Requirements

  • You must use React on Rails v11.0.7 or higher.

Install the Gem and the Node Module

See Installation.

Setup Node Renderer Server

node-renderer is a standalone Node application to serve React SSR requests from a Rails client. You don't need any Ruby code to setup and launch it. You can configure with the command line or with a launch file.

Simple Command Line for node-renderer

  1. ENV values for the default config are (See JS Configuration for more details):
    • RENDERER_PORT
    • RENDERER_LOG_LEVEL
    • RENDERER_BUNDLE_PATH
    • RENDERER_WORKERS_COUNT
    • RENDERER_PASSWORD
    • RENDERER_ALL_WORKERS_RESTART_INTERVAL
    • RENDERER_DELAY_BETWEEN_INDIVIDUAL_WORKER_RESTARTS
    • RENDERER_SUPPORT_MODULES
  2. Configure ENV values and run the command.

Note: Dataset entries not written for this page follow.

definition ext_rel :: "nat \<Rightarrow> (nat \<Rightarrow> ('a \<times> 'a) set) \<Rightarrow> nat \<Rightarrow> (('a + nat) \<times> ('a + nat)) set" where
  "ext_rel n s i = (\<lambda>(x, y). (Inl x, Inl y)) ` s i \<union> {(Inr j, Inr j) | j. j \<in> {1..n}}"

definition ext_const :: "nat \<Rightarrow> 'a + nat" where
  "ext_const j = Inr j"

text \<open>Members of F
  (hence of F^(n)) are represented up to isomorphism by structures on subsets of nat;
  finite discrete sets in (L2) are represented by finite subsets of nat.\<close>
definition proj_fraisse_limit ::
  "nat \<Rightarrow> nat \<Rightarrow> 'a topology \<Rightarrow> (nat \<Rightarrow> ('a \<times> 'a) set) \<Rightarrow> (nat \<Rightarrow> 'a) \<Rightarrow> bool" where
  "proj_fraisse_limit m n T s p \<longleftrightarrow>
     top_structure m n T s p \<and>
     \<comment> \<open>(L1)\<close>
     (\<forall>(A :: nat set) sA. in_F m A sA \<longrightarrow>
        (\<exists>\<phi>. epimorphism m n T s p (ext_univ n A) (ext_rel n sA) ext_const \<phi>)) \<and>
     \<comment> \<open>(L2)\<close>
     (\<forall>(X :: nat set) f. finite X \<and> continuous_map T (discrete_topology X) f \<longrightarrow>
        (\<exists>(A :: nat set) sA \<psi> g. in_F m A sA \<and>
            epimorphism m n T s p (ext_univ n A) (ext_rel n sA) ext_const \<psi> \<and>
            (\<forall>x\<in>topspace T. f x = g (\<psi> x)))) \<and>
     \<comment> \<open>(L3)\<close>
     (\<forall>(A :: nat set) sA \<phi>1 \<phi>2. in_F m A sA \<and>
        epimorphism m n T s p (ext_univ n A) (ext_rel n sA) ext_const \<phi>1 \<and>
        epimorphism m n T s p (ext_univ n A) (ext_rel n sA) ext_const \<phi>2 \<longrightarrow>
        (\<exists>\<alpha>. automorphism m n T s p \<alpha> \<and> (\<forall>x\<in>topspace T. \<phi>1 x = \<phi>2 (\<alpha> x))))"

end

theory Submission
  imports Defs
begin

text \<open>Each s_i is a closed subset of L \<times> L, and a closed relation on a compact space that is
  the graph of a bijection is the graph of a homeomorphism. So it suffices to show that s_i is
  total, surjective, single-valued and injective, and that it relates p_j only to p_j.

  Clopen sets separate points from closed sets, so by (L2) a point outside a closed set is
  separated from it by an epimorphism onto a member of F^(n). Since every point of such a
  member has s_i-successors and s_i-predecessors, and the domain and range of s_i are closed,
  s_i is total and surjective. In A^(n) the point j is s_i-related only to itself, which
  forces p_j to be s_i-related only to itself.

  If y \<noteq> z are s_i-successors of x, separate them by an epimorphism \<psi> onto A^(n).
  There is a structure B in F projecting onto A such that all s_k-successors (and all
  s_k-predecessors) of a point of B lie over the same point of A. By (L1) there is an
  epimorphism onto B^(n), and by (L3) \<psi> is this epimorphism followed by the projection, up
  to an automorphism of L. Hence \<psi> y = \<psi> z, a contradiction; injectivity is symmetric.\<close>

section \<open>Successors, predecessors and outgoing points\<close>

abbreviation pair_image :: "('a \<Rightarrow> 'b) \<Rightarrow> ('a \<times> 'a) set \<Rightarrow> ('b \<times> 'b) set" where
  "pair_image f r \<equiv> (\<lambda>(x, y). (f x, f y)) ` r"

definition succs :: "('a \<times> 'a) set \<Rightarrow> 'a \<Rightarrow> 'a set" where
  "succs r x = {y. (x, y) \<in> r}"

definition preds :: "('a \<times> 'a) set \<Rightarrow> 'a \<Rightarrow> 'a set" where
  "preds r x = {y. (y, x) \<in> r}"

lemma succs_converse [simp]: "succs (r\<inverse>) x = preds r x"
  and preds_converse [simp]: "preds (r\<inverse>) x = succs r x"
  by (auto simp: succs_def preds_def)

lemma outgoing_iff_card: "outgoing r a \<longleftrightarrow> card (preds r a) = 1 \<and> 2 \<le> card (succs r a)"
  by (simp add: outgoing_def succs_def preds_def)

lemma outgoing_iff_card_1:
  assumes "finite (succs r a)" "succs r a \<noteq> {}"
  shows "outgoing r a \<longleftrightarrow> card (preds r a) = 1 \<and> card (succs r a) \<noteq> 1"
  using assms card_gt_0_iff[of "succs r a"] by (auto simp: outgoing_iff_card)

lemma outgoing_cong_card_1:
  assumes "finite (succs r a)" "succs r a \<noteq> {}" "finite (succs r' b)" "succs r' b \<noteq> {}"
    and "card (succs r a) = 1 \<longleftrightarrow> card (succs r' b) = 1"
    and "card (preds r a) = 1 \<longleftrightarrow> card (preds r' b) = 1"
  shows "outgoing r a \<longleftrightarrow> outgoing r' b"
  using assms by (simp add: outgoing_iff_card_1)

lemma card_ne_1I: "y \<in> S \<Longrightarrow> z \<in> S \<Longrightarrow> y \<noteq> z \<Longrightarrow> card S \<noteq> 1"
  by (auto simp: card_1_singleton_iff)

lemma card_1_eq: "card S = 1 \<Longrightarrow> x \<in> S \<Longrightarrow> y \<in> S \<Longrightarrow> x = y"
  by (auto simp: card_1_singleton_iff)

lemma card_not_1_obtain_other:
  assumes "x \<in> S" "card S \<noteq> 1"
  obtains y where "y \<in> S" "y \<noteq> x"
proof -
  have "S \<noteq> {x}" using assms(2) by auto
  then show thesis using assms(1) that by blast
qed

lemma surjective_rel_Domain_Range:
  assumes sub: "r \<subseteq> A \<times> A" and surj: "surjective_rel A r"
  shows "Domain r = A" "Range r = A"
proof -
  have "x \<in> Domain r \<and> x \<in> Range r" if "x \<in> A" for x
    using surj that unfolding surjective_rel_def by (meson DomainI RangeI)
  then show "Domain r = A" "Range r = A" using sub by auto
qed

lemma single_valued_apsnd_imageI:
  assumes "\<And>x y z. (x, y) \<in> r \<Longrightarrow> (x, z) \<in> r \<Longrightarrow> \<pi> y = \<pi> z"
  shows "single_valued (apsnd \<pi> ` r)"
proof (rule single_valuedI)
  fix a b c assume "(a, b) \<in> apsnd \<pi> ` r" "(a, c) \<in> apsnd \<pi> ` r"
  then obtain y z where "(a, y) \<in> r" "b = \<pi> y" "(a, z) \<in> r" "c = \<pi> z" by force
  then show "b = c" using assms by blast
qed

lemma single_valued_apsnd_imageD:
  "single_valued (apsnd \<pi> ` r) \<Longrightarrow> (x, y) \<in> r \<Longrightarrow> (x, z) \<in> r \<Longrightarrow> \<pi> y = \<pi> z"
  by (metis apsnd_conv image_eqI single_valuedD)

lemma single_valued_iff_The:
  assumes sv: "single_valued S"
  shows "(x, y) \<in> S \<longleftrightarrow> x \<in> Domain S \<and> (THE y. (x, y) \<in> S) = y"
proof -
  have the_eq: "(THE y. (x, y) \<in> S) = y" if xy: "(x, y) \<in> S" for y
  proof (rule the_equality)
    show "z = y" if "(x, z) \<in> S" for z using single_valuedD[OF sv that xy] .
  qed (rule xy)
  show ?thesis
  proof
    assume "(x, y) \<in> S"
    then show "x \<in> Domain S \<and> (THE y. (x, y) \<in> S) = y" using the_eq by blast
  next
    assume "x \<in> Domain S \<and> (THE y. (x, y) \<in> S) = y"
    then obtain y' where "(x, y') \<in> S" "(THE y. (x, y) \<in> S) = y" by blast
    then show "(x, y) \<in> S" using the_eq by simp
  qed
qed

lemma pair_image_converse: "pair_image f (r\<inverse>) = (pair_image f r)\<inverse>"
  by auto

lemma Domain_pair_image: "Domain (pair_image f r) = f ` Domain r"
  by force

lemma Range_pair_image: "Range (pair_image f r) = f ` Range r"
  by force

lemma pair_image_comp: "pair_image (g \<circ> f) r = pair_image g (pair_image f r)"
  by (simp add: image_image case_prod_beta)

lemma succs_pair_image:
  assumes f: "inj_on f A" and r: "r \<subseteq> A \<times> A" and a: "a \<in> A"
  shows "succs (pair_image f r) (f a) = f ` succs r a"
proof (intro equalityI subsetI)
  fix w assume "w \<in> succs (pair_image f r) (f a)"
  then obtain u v where uv: "(u, v) \<in> r" "f u = f a" "w = f v" by (auto simp: succs_def)
  then have "u = a" using inj_onD[OF f] r a by blast
  then show "w \<in> f ` succs r a" using uv by (auto simp: succs_def)
qed (force simp: succs_def)

lemma outgoing_pair_image:
  assumes f: "inj_on f A" and r: "r \<subseteq> A \<times> A" and a: "a \<in> A"
  shows "outgoing (pair_image f r) (f a) \<longleftrightarrow> outgoing r a"
proof -
  have "r\<inverse> \<subseteq> A \<times> A" using r by auto
  then have "preds (pair_image f r) (f a) = f ` preds r a"
    using succs_pair_image[OF f _ a, of "r\<inverse>"] by (simp add: pair_image_converse)
  moreover have "inj_on f (succs r a)" "inj_on f (preds r a)"
    using f r by (auto simp: succs_def preds_def intro: inj_on_subset)
  ultimately show ?thesis
    using succs_pair_image[OF f r a] by (simp add: outgoing_iff_card card_image)
qed

lemma in_F_pullback:
  assumes F: "in_F m A sA" and B: "finite B" "B \<noteq> {}"
    and sub: "\<And>k. k \<in> {1..m} \<Longrightarrow> sB k \<subseteq> B \<times> B"
    and surj: "\<And>k. k \<in> {1..m} \<Longrightarrow> surjective_rel B (sB k)"
    and \<pi>: "\<pi> ` B \<subseteq> A"
    and edge: "\<And>k x y. k \<in> {1..m} \<Longrightarrow> (x, y) \<in> sB k \<Longrightarrow> (\<pi> x, \<pi> y) \<in> sA k"
    and out: "\<And>k x. k \<in> {1..m} \<Longrightarrow> x \<in> B \<Longrightarrow> outgoing (sB k) x \<longleftrightarrow> outgoing (sA k) (\<pi> x)"
    and out_conv: "\<And>k x. k \<in> {1..m} \<Longrightarrow> x \<in> B \<Longrightarrow>
      outgoing ((sB k)\<inverse>) x \<longleftrightarrow> outgoing ((sA k)\<inverse>) (\<pi> x)"
  shows "in_F m B sB"
  unfolding in_F_def
proof (intro conjI ballI allI impI)
  fix x assume x: "x \<in> B"
  have "{(i, b). i \<in> {1..m} \<and> outgoing (if b then sB i else (sB i)\<inverse>) x} =
        {(i, b). i \<in> {1..m} \<and> outgoing (if b then sA i else (sA i)\<inverse>) (\<pi> x)}"
    using out[OF _ x] out_conv[OF _ x] by auto
  moreover have "\<pi> x \<in> A" using \<pi> x by blast
  ultimately show "card {(i, b). i \<in> {1..m} \<and> outgoing (if b then sB i else (sB i)\<inverse>) x} = 1"
    using F by (simp add: in_F_def)
next
  fix k x y assume k: "k \<in> {1..m}" and xy: "(x, y) \<in> sB k"
  then have "outgoing (sA k) (\<pi> x) \<or> outgoing ((sA k)\<inverse>) (\<pi> y)"
    using F edge by (simp add: in_F_def)
  moreover have "x \<in> B" "y \<in> B" using sub[OF k] xy by auto
  ultimately show "outgoing (sB k) x \<or> outgoing ((sB k)\<inverse>) y"
    using out[OF k] out_conv[OF k] by simp
qed (use B sub surj in simp_all)

lemma in_F_inj_image:
  assumes F: "in_F m A sA" and f: "inj_on f A"
  shows "in_F m (f ` A) (\<lambda>k. pair_image f (sA k))"
proof -
  let ?g = "inv_into A f"
  have sub: "sA k \<subseteq> A \<times> A" "(sA k)\<inverse> \<subseteq> A \<times> A" if "k \<in> {1..m}" for k
    using F that by (auto simp: in_F_def)
  have fin: "finite (f ` A)" "f ` A \<noteq> {}" using F by (auto simp: in_F_def)
  have sub': "pair_image f (sA k) \<subseteq> f ` A \<times> f ` A" if "k \<in> {1..m}" for k
    using sub[OF that] by auto
  have surj: "surjective_rel (f ` A) (pair_image f (sA k))" if "k \<in> {1..m}" for k
    using F that unfolding in_F_def surjective_rel_def by fast
  have g: "?g ` f ` A \<subseteq> A" using f by simp
  have edge: "(?g x, ?g y) \<in> sA k" if "k \<in> {1..m}" "(x, y) \<in> pair_image f (sA k)" for k x y
    using that sub[OF that(1)] by (force simp: inv_into_f_f[OF f])
  have out: "outgoing (pair_image f (sA k)) x \<longleftrightarrow> outgoing (sA k) (?g x)"
    and out_conv: "outgoing ((pair_image f (sA k))\<inverse>) x \<longleftrightarrow> outgoing ((sA k)\<inverse>) (?g x)"
    if k: "k \<in> {1..m}" and x: "x \<in> f ` A" for k x
  proof -
    obtain a where a: "a \<in> A" "x = f a" using x by blast
    show "outgoing (pair_image f (sA k)) x \<longleftrightarrow> outgoing (sA k) (?g x)"
      using outgoing_pair_image[OF f sub(1)[OF k] a(1)]
      unfolding a(2) inv_into_f_f[OF f a(1)] .
    show "outgoing ((pair_image f (sA k))\<inverse>) x \<longleftrightarrow> outgoing ((sA k)\<inverse>) (?g x)"
      using outgoing_pair_image[OF f sub(2)[OF k] a(1)]
      unfolding a(2) inv_into_f_f[OF f a(1)] pair_image_converse .
  qed
  show ?thesis
    by (rule in_F_pullback[OF F fin sub' surj g edge out out_conv])
qed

Note, you can set port with args -p <PORT>. For example, assuming node-renderer is in your path:
    RENDERER_BUNDLE_PATH=/app/.node-renderer-bundles node-renderer
  3. You can use a command line argument of -p SOME_PORT to override any ENV value for the PORT.

JavaScript Configuration File

For the most control over the setup, create a JavaScript file to start the NodeRenderer.

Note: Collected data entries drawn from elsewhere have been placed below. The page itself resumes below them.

(* Let $T$ be a tree of order $n$. Then $$\frac{n+2\gamma(T)}{3}\le \operatorname{avd}(T)\le\frac{n+2\Gamma(T)}{3}.$$
   Context: A dominating set of a graph $G=(V,E)$ is a set $S\subseteq V$ such that every vertex is in $S$ or adjacent to a vertex of $S$; it is minimal if no proper subset is dominating. $\gamma(T)$ is the minimum size of a dominating set and $\Gamma(T)$ the maximum size of a minimal dominating set. $\operatorname{avd}(T)=\frac{1}{|\mathcal{D}(T)|}\sum_{S\in\mathcal{D}(T)}|S|$ is the average size of a dominating set, where $\mathcal{D}(T)$ is the collection of all dominating sets of $T$. *)

theory Defs
  imports Complex_Main
begin

definition simple_graph :: "'a set \<Rightarrow> ('a \<Rightarrow> 'a \<Rightarrow> bool) \<Rightarrow> bool" where
  "simple_graph V E \<longleftrightarrow> finite V \<and> (\<forall>u v. E u v \<longrightarrow> u \<in> V \<and> v \<in> V)
     \<and> (\<forall>u v. E u v \<longrightarrow> E v u) \<and> (\<forall>v. \<not> E v v)"

definition connected_graph :: "'a set \<Rightarrow> ('a \<Rightarrow> 'a \<Rightarrow> bool) \<Rightarrow> bool" where
  "connected_graph V E \<longleftrightarrow> V \<noteq> {} \<and> (\<forall>u\<in>V. \<forall>v\<in>V. E\<^sup>*\<^sup>* u v)"

definition is_cycle :: "('a \<Rightarrow> 'a \<Rightarrow> bool) \<Rightarrow> 'a list \<Rightarrow> bool" where
  "is_cycle E cs \<longleftrightarrow> length cs \<ge> 3 \<and> distinct cs
     \<and> (\<forall>i. Suc i < length cs \<longrightarrow> E (cs ! i) (cs ! Suc i))
     \<and> E (last cs) (hd cs)"

definition tree :: "'a set \<Rightarrow> ('a \<Rightarrow> 'a \<Rightarrow> bool) \<Rightarrow> bool" where
  "tree V E \<longleftrightarrow> simple_graph V E \<and> connected_graph V E \<and> (\<nexists>cs. is_cycle E cs)"

definition dominating :: "'a set \<Rightarrow> ('a \<Rightarrow> 'a \<Rightarrow> bool) \<Rightarrow> 'a set \<Rightarrow> bool" where
  "dominating V E S \<longleftrightarrow> S \<subseteq> V \<and> (\<forall>v\<in>V. v \<in> S \<or> (\<exists>u\<in>S. E u v))"

definition minimal_dominating :: "'a set \<Rightarrow> ('a \<Rightarrow> 'a \<Rightarrow> bool) \<Rightarrow> 'a set \<Rightarrow> bool" where
  "minimal_dominating V E S \<longleftrightarrow> dominating V E S \<and> (\<forall>S'. S' \<subset> S \<longrightarrow> \<not> dominating V E S')"

definition dom_sets :: "'a set \<Rightarrow> ('a \<Rightarrow> 'a \<Rightarrow> bool) \<Rightarrow> 'a set set" where
  "dom_sets V E = {S. dominating V E S}"

definition domination_number :: "'a set \<Rightarrow> ('a \<Rightarrow> 'a \<Rightarrow> bool) \<Rightarrow> nat" where
  "domination_number V E = Min (card ` dom_sets V E)"

definition upper_domination_number :: "'a set \<Rightarrow> ('a \<Rightarrow> 'a \<Rightarrow> bool) \<Rightarrow> nat" where
  "upper_domination_number V E = Max (card ` {S. minimal_dominating V E S})"

definition avd :: "'a set \<Rightarrow> ('a \<Rightarrow> 'a \<Rightarrow> bool) \<Rightarrow> real" where
  "avd V E = (\<Sum>S\<in>dom_sets V E. real (card S)) / real (card (dom_sets V E))"

end

theory Submission
  imports Defs
begin

(*
  Call a vertex v of a dominating set S removable if S - {v} is still dominating, and let r(S)
  be the number of removable vertices of S. The map (S, v) |-> (insert v S, v) sends the pairs
  with v not in S bijectively onto the pairs with v removable in S, so the sum of r(S) over all
  dominating sets S equals the sum of n - |S|. The theorem therefore follows by averaging the
  pointwise bounds  2 gamma + r(S) <= 2 |S| <= 2 Gamma + r(S),  valid for every dominating set S
  of a forest.

  Lower bound: peeling off leaves, the vertices of a forest can be 2-coloured so that every closed
  neighbourhood containing two vertices of S sees both colours on S. Deleting from S either colour
  class of its removable vertices then leaves a dominating set, so gamma <= |S| - |X| for both
  classes X, whose sizes add up to r(S).

  Upper bound: a non-removable vertex of S with a neighbour in S has a private neighbour outside S.
  Adding these private neighbours to the non-isolated part of S, the larger colour class of a
  proper 2-colouring of the result, together with the isolated vertices of S, is an independent
  set of size at least |S| - r(S)/2; it extends to a maximal independent set, which is a minimal
  dominating set.
*)

definition forest :: "'a set \<Rightarrow> ('a \<Rightarrow> 'a \<Rightarrow> bool) \<Rightarrow> bool" where
  "forest V E \<longleftrightarrow> simple_graph V E \<and> (\<nexists>cs. is_cycle E cs)"

lemma tree_imp_forest: "tree V E \<Longrightarrow> forest V E"
  unfolding tree_def forest_def by blast

lemma forestD:
  assumes "forest V E"
  shows "finite V" "symp E" "irreflp E" "\<nexists>cs. is_cycle E cs"
  using assms unfolding forest_def simple_graph_def symp_def irreflp_def by blast+

definition path_in :: "('a \<Rightarrow> 'a \<Rightarrow> bool) \<Rightarrow> 'a set \<Rightarrow> 'a list \<Rightarrow> bool" where
  "path_in E W p \<longleftrightarrow> p \<noteq> [] \<and> distinct p \<and> set p \<subseteq> W
     \<and> (\<forall>i. Suc i < length p \<longrightarrow> E (p ! i) (p ! Suc i))"

lemma length_path_in_le_card: "finite W \<Longrightarrow> path_in E W p \<Longrightarrow> length p \<le> card W"
  unfolding path_in_def by (metis card_mono distinct_card)

lemma path_in_snoc:
  assumes "path_in E W p" "c \<in> W" "c \<notin> set p" "E (last p) c"
  shows "path_in E W (p @ [c])"
  using assms unfolding path_in_def
  by (auto simp: nth_append last_conv_nth less_Suc_eq) (metis diff_Suc_Suc diff_zero)

lemma is_cycle_drop:
  assumes "path_in E W p" "j + 3 \<le> length p" "E (last p) (p ! j)"
  shows "is_cycle E (drop j p)"
  using assms unfolding path_in_def is_cycle_def by (auto simp: hd_drop_conv_nth)

lemma acyclic_has_leaf:
  assumes acyclic: "\<nexists>cs. is_cycle E cs" and "irreflp E" and "finite W" "W \<noteq> {}"
  shows "\<exists>l\<in>W. \<forall>a\<in>W. \<forall>b\<in>W. E l a \<longrightarrow> E l b \<longrightarrow> a = b"
proof -
  obtain w where "w \<in> W" using \<open>W \<noteq> {}\<close> by blast
  then have "path_in E W [w]" unfolding path_in_def by simp
  moreover have "\<forall>q. path_in E W q \<longrightarrow> length q < Suc (card W)"
    using length_path_in_le_card[OF \<open>finite W\<close>] by (simp add: less_Suc_eq_le)
  ultimately obtain p where p: "path_in E W p"
    and longest: "\<And>q. path_in E W q \<Longrightarrow> length q \<le> length p"
    using ex_has_greatest_nat[where f = length] by blast
  have "p \<noteq> []" "last p \<in> W" using p unfolding path_in_def by auto
  \<comment> \<open>the end of a longest path is a leaf: another neighbour would extend it or close a cycle\<close>
  moreover have "a = b" if "a \<in> W" "b \<in> W" "E (last p) a" "E (last p) b" for a b
  proof (rule ccontr)
    assume "a \<noteq> b"
    define c where "c = (if 2 \<le> length p \<and> a = p ! (length p - 2) then b else a)"
    have "c \<in> W" "E (last p) c" and not_pred: "2 \<le> length p \<Longrightarrow> c \<noteq> p ! (length p - 2)"
      using \<open>a \<noteq> b\<close> that unfolding c_def by auto
    show False
    proof (cases "c \<in> set p")
      case False
      with p \<open>c \<in> W\<close> \<open>E (last p) c\<close> have "path_in E W (p @ [c])" by (intro path_in_snoc)
      then show False using longest[of "p @ [c]"] by simp
    next
      case True
      then obtain j where j: "j < length p" "p ! j = c" by (meson in_set_conv_nth)
      have "last p = p ! (length p - 1)" using \<open>p \<noteq> []\<close> by (rule last_conv_nth)
      then have "j \<noteq> length p - 1"
        using \<open>irreflp E\<close> \<open>E (last p) c\<close> j(2) by (auto dest: irreflpD)
      then have "2 \<le> length p" using j by arith
      then have "j \<noteq> length p - 2" using not_pred j by auto
      then have "j + 3 \<le> length p" using j \<open>j \<noteq> length p - 1\<close> by arith
      then have "is_cycle E (drop j p)" using is_cycle_drop p \<open>E (last p) c\<close> j by blast
      with acyclic show False by blast
    qed
  qed
  ultimately show ?thesis by blast
qed

lemma acyclic_leaf_induct [consumes 3, case_names empty leaf]:
  assumes "\<nexists>cs. is_cycle E cs" "irreflp E" "finite W"
    and empty: "P {}"
    and leaf: "\<And>W l a. finite W \<Longrightarrow> l \<in> W \<Longrightarrow> (\<And>b. b \<in> W \<Longrightarrow> E l b \<Longrightarrow> b = a)
      \<Longrightarrow> P (W - {l}) \<Longrightarrow> P W"
  shows "P W"
  using \<open>finite W\<close>
proof (induction W rule: finite_psubset_induct)
  case (psubset W)
  show ?case
  proof (cases "W = {}")
    case True
    with empty show ?thesis by simp
  next
    case False
    then obtain l where "l \<in> W" and leaf_l: "\<forall>a\<in>W. \<forall>b\<in>W. E l a \<longrightarrow> E l b \<longrightarrow> a = b"
      using acyclic_has_leaf[OF assms(1,2) psubset.hyps] by blast
    obtain a where a: "\<And>b. b \<in> W \<Longrightarrow> E l b \<Longrightarrow> b = a"
    proof (cases "\<exists>a\<in>W. E l a")
      case True
      then obtain a where "a \<in> W" "E l a" by blast
      with leaf_l show ?thesis by (intro that) blast
    qed blast
    have "P (W - {l})" using psubset.IH \<open>l \<in> W\<close> by blast
    from leaf[OF psubset.hyps \<open>l \<in> W\<close> a this] show ?thesis .
  qed
qed

lemma acyclic_two_colouring:
  assumes "\<nexists>cs. is_cycle E cs" "irreflp E" "symp E" "finite W"
  shows "\<exists>col :: 'a \<Rightarrow> bool. \<forall>x\<in>W. \<forall>y\<in>W. E x y \<longrightarrow> col x \<noteq> col y"
  using assms(1,2,4)
proof (induction W rule: acyclic_leaf_induct)
  case empty
  show ?case by simp
next
  case (leaf W l a)
  then obtain col :: "'a \<Rightarrow> bool" where col: "\<forall>x\<in>W - {l}. \<forall>y\<in>W - {l}. E x y \<longrightarrow> col x \<noteq> col y" by blast
  define col' where "col' = col(l := \<not> col a)"
  have "col' x \<noteq> col' y" if "x \<in> W" "y \<in> W" "E x y" for x y
  proof -
    have "x \<noteq> y" using \<open>E x y\<close> \<open>irreflp E\<close> by (auto dest: irreflpD)
    consider "x = l" | "y = l" | "x \<noteq> l" "y \<noteq> l" by blast
    then show ?thesis
    proof cases
      case 1
      then have "y = a" using that leaf.hyps(3) by blast
      then show ?thesis using 1 \<open>x \<noteq> y\<close> unfolding col'_def by simp
    next
      case 2
      then have "x = a" using that leaf.hyps(3) \<open>symp E\<close> by (blast dest: sympD)
      then show ?thesis using 2 \<open>x \<noteq> y\<close> unfolding col'_def by simp
    next
      case 3
      then show ?thesis using col that unfolding col'_def by simp
    qed
  qed
  then show ?case by blast
qed

definition closed_nbhd :: "('a \<Rightarrow> 'a \<Rightarrow> bool) \<Rightarrow> 'a set \<Rightarrow> 'a \<Rightarrow> 'a set" where
  "closed_nbhd E A w = {z \<in> A. z = w \<or> E w z}"

lemma closed_nbhd_Diff [simp]: "closed_nbhd E (A - B) w = closed_nbhd E A w - B"
  unfolding closed_nbhd_def by auto

definition monochromatic :: "('a \<Rightarrow> bool) \<Rightarrow> 'a set \<Rightarrow> bool" where
  "monochromatic c A \<longleftrightarrow> (\<forall>x\<in>A. \<forall>y\<in>A. c x = c y)"

definition separating_colouring :: "('a \<Rightarrow> 'a \<Rightarrow> bool) \<Rightarrow> 'a set \<Rightarrow> 'a set \<Rightarrow> ('a \<Rightarrow> bool) \<Rightarrow> bool" where
  "separating_colouring E W T c \<longleftrightarrow>
     (\<forall>w\<in>W. monochromatic c (closed_nbhd E (W \<inter> T) w)
        \<longrightarrow> (\<forall>x\<in>closed_nbhd E (W \<inter> T) w. \<forall>y\<in>closed_nbhd E (W \<inter> T) w. x = y))"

  1. Create some project directory, let's say renderer-app:

    mkdir renderer-app
    cd renderer-app
  2. Make sure you have Node.js version 14 or higher and Yarn installed.

  3. Init node application and yarn add to install @shakacode-tools/react-on-rails-pro-node-renderer package.

    yarn init
    yarn add https://[your-github-token]:x-oauth-basic@github.com/shakacode/react_on_rails_pro.git\#master
  4. Configure a JavaScript file that will launch the rendering server per the docs in Node Renderer JavaScript Configuration. For example, create a file node-renderer.js. Here is a simple example that uses all the defaults except for bundlePath:

    import path from 'path';
    import reactOnRailsProNodeRenderer from '@shakacode-tools/react-on-rails-pro-node-renderer';
    
    const config = {
      bundlePath: path.resolve(__dirname, '../.node-renderer-bundles'),
    };
    
    reactOnRailsProNodeRenderer(config);
  5. Now you can launch your renderer server with node node-renderer.js. You will probably add a script to your package.json.

  6. You can use a command line argument of -p SOME_PORT to override any configured or ENV value for the port.

Setup Rails Application

Create config/initializers/react_on_rails_pro.rb and configure the renderer server. See configuration values in Configuration. Pay attention to:

  1. Set config.server_renderer = "NodeRenderer"
  2. Leave the default of config.prerender_caching = true and ensure your Rails cache is properly configured to handle the additional cache load.
  3. Configure values beginning with renderer_
  4. Use ENV values for values like renderer_url so that your deployed server is properly configured. If the ENV value is unset, the default for the renderer_url is localhost:3800.
  5. Here's a tiny example using mostly defaults:
ReactOnRailsPro.configure do |config|
 config.server_renderer = "NodeRenderer"
 
 # when this ENV value is not defined, the local server at localhost:3800 is used 
 config.renderer_url = ENV["REACT_RENDERER_URL"] 
end

Troublshooting

Upgrading

The NodeRenderer has a protocol version on both the Rails and Node sides. If the Rails server sends a protocol version that does not match the Node side, an error is returned. Ideally, you want to keep both the Rails and Node sides at the same version.